Why I can't be 'for' the 'SickKids vs' ad
By Louise Kinross
Disability is personal. It’s part of identity. When your child has significant disabilities, it becomes part of your identity too.
Perhaps this is why the Hospital for Sick Children's latest campaign video SickKids vs—which positions the hospital and its patients against cancer, kidney failure and autism, and includes this image of a girl standing defiantly atop a huge pile of discarded wheelchairs—feels like a betrayal. It’s trending now on YouTube with close to 200,000 views.
“We’re on the front line every day. And we are winning,” says the copy on the foundation page. Indeed, in the video, patients join a simulated battle line with armed 'Fort York' soldiers, hop in a boxing ring to fight cancer and smash apart a kidney dialysis machine with a bat.
I get why it’s so appealing. Viewers are encouraged to choose a fight and donate. Who doesn’t want to be a “winner?” From a fundraising perspective, I'm sure this ad has hit the ball out of the park.
But what about the messages it sends to kids and families who aren’t on the winning side?
When you define things in simple terms, you also imply that those who don’t beat their illness or disability are “losers.” Were they not as tough as the kids wearing the super hero costumes in the video? SickKids vs. plays to the song Undeniable by Toronto rapper Richie Sosa.

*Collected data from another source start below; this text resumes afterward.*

theorem lemma4:
  fixes p m :: nat
    and P K H L :: "real mat"
    and Yd :: "real vec"
    and U Y N E Ub D :: "nat \<Rightarrow> real vec"
    and Xh :: "nat \<Rightarrow> real vec"
  assumes P: "P \<in> carrier_mat p m"
    and K: "K \<in> carrier_mat m p" and H: "H \<in> carrier_mat m p"
    and L: "L \<in> carrier_mat (2*p) p"
    and Yd: "Yd \<in> carrier_vec p"
    and U: "\<And>k. U k \<in> carrier_vec m"
    and N: "\<And>k. N k \<in> carrier_vec p"
    and Xh: "\<And>k. Xh k \<in> carrier_vec (2*p)"
    and plant: "\<And>k. Y k = P *\<^sub>v U k + N k"
    and err: "\<And>k. E k = Yd - Y k"
    and Ubar: "\<And>k. Ub k = - (U (Suc k) - U k)"
    and Dist: "\<And>k. D k = - (N (Suc k) - N k)"
    and eso: "\<And>k. Xh (Suc k) = (Abar p - L * Cbar p) *\<^sub>v Xh k + Bbar P *\<^sub>v Ub k + L *\<^sub>v E k"
    and ctrl: "\<And>k. Ub k = - (Kbar K H *\<^sub>v Xh k)"
  shows "(\<forall>k. E (Suc k) @\<^sub>v Xh (Suc k)
             = Gmat p P K H L *\<^sub>v (E k @\<^sub>v Xh k)
               + (1\<^sub>m p @\<^sub>r 0\<^sub>m (2*p) p) *\<^sub>v D k)
       \<and> invertible_mat (Tmat p)
       \<and> (\<exists>Ti. Tmat p * Ti = 1\<^sub>m (3*p) \<and> Ti * Tmat p = 1\<^sub>m (3*p)
              \<and> Tmat p * Gmat p P K H L * Ti
                  = four_block_mat (1\<^sub>m p - P * K) (- (P * Kbar K H))
                      (0\<^sub>m (2*p) p) (Abar p - L * Cbar p))
       \<and> char_poly (Gmat p P K H L)
           = char_poly (1\<^sub>m p - P * K) * char_poly (Abar p - L * Cbar p)
       \<and> (\<forall>z::complex. eigenvalue (map_mat complex_of_real (Gmat p P K H L)) z
             \<longleftrightarrow> eigenvalue (map_mat complex_of_real (1\<^sub>m p - P * K)) z
                 \<or> eigenvalue (map_mat complex_of_real (Abar p - L * Cbar p)) z)"
proof -
  have E_carrier: "E k \<in> carrier_vec p" for k
    unfolding err plant using P Yd U N by simp
  have dynamics: "E (Suc k) @\<^sub>v Xh (Suc k)
      = Gmat p P K H L *\<^sub>v (E k @\<^sub>v Xh k) + (1\<^sub>m p @\<^sub>r 0\<^sub>m (2*p) p) *\<^sub>v D k" for k
  proof -
    have "E (Suc k) = E k + P *\<^sub>v Ub k + D k"
      unfolding err plant Ubar Dist by (rule tracking_error_increment[OF P Yd U U N N])
    moreover have "D k \<in> carrier_vec p" unfolding Dist using N by simp
    ultimately show ?thesis
      unfolding eso ctrl using closed_loop_step[OF P K H L E_carrier Xh] by simp
  qed
  show ?thesis
    using dynamics invertible_Tmat Tmat_shear_mat_inverse Gmat_shear_similarity[OF P K H L]
      char_poly_Gmat[OF P K H L] eigenvalue_Gmat_iff[OF P K H L]
    by blast
qed

end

The chorus goes “We undeniable.”
Are the kids who live with permanent disabilities or chronic illnesses, or who die from their condition, not “undeniable” enough? The word “defeat” flashes during the video. Does that mean some kids “surrender?” Do we really want to believe that children have that much control over their medical conditions? And at some point, doesn’t the concept of fighting just miss the point when we're talking about health and healing?
In her 2015 book Malignant Metaphor: Confronting Cancer Myths, science writer Alanna Mitchell writes about why the battle metaphor isn’t helpful to cancer patients and their families (she also writes about why it's not a great analogy for the latest clinical treatments). “A main concern is that when someone dies of cancer, the message that remains is that that person just hasn’t fought hard enough, was not a brave enough soldier against the ultimate foe, did not really want to win,” she writes.
Many children with congenital disabilities or complex medical problems are patients at SickKids. Their conditions and disabilities are not ones that can be defeated. Did they, or their parents, not try hard enough?
And is it really so easy to define “the enemy?”
The inclusion of autism in the video as something to be battled against is surprising given our current understanding. Autistic adults tell us that accepting and valuing their differences is the way to go. To them, eradicating autism isn’t possible without eradicating who they are as people. Most people in the disability field don’t believe autism can be “cured,” any more than sexual orientation can be changed. Even Autism Speaks just removed cure as an objective from its mission. The focus now is on helping people live good lives that they value.
I honour and respect the families who participated in the video. I understand why viewing their kids as warriors is empowering. I certainly think of my son, and our family, as warriors, but as fragile ones.
From a health organization, I expect a more complex, nuanced depiction—one that includes all kids, whether their disease is cured or not. One that shows that there are many rich ways of living, and dying. In the video, all of the triumphant patients stand on two feet. I’d like to see one rocking a wheelchair, because that’s how she’ll get around for the rest of her life. And I’d like to see more images of kids who look different, like my son, due to their genetic conditions or disabilities. These kids are SickKids patients as well. I’d like to see a video that expands our conception of human value, beauty and diversity.
We are fierce, but we are also afraid. As parents, we often feel inadequate to the enormity of our child's illness or disability. And that's okay. My dad, who served for almost six years in World War II, told me: “You learned to live with fear.”
We don't need to buck ourselves up with flashing neon lights that say: “Sick isn't weak.” For one, who ever said that patients and families were weak? And for two, what is wrong with weak? Weak just means vulnerable. It's who we humans are.
As someone whose child has had close to 20 surgeries at SickKids, I would say the humanity, the compassion, of the doctors and nurses, is what's made all the difference in our care.
I asked Alanna Mitchell what she thought of the ad.
“Yeesh!” she wrote back. “Imagine if they had those patients dancing, instead of fighting.”
At the end of her book, she asks readers if dance, rather than battle, might be a more apt metaphor for cancer. I think it’s a useful one for any disability or difference. Indeed, for any life. “Not a win or a loss,” she writes, “but a pirouette.”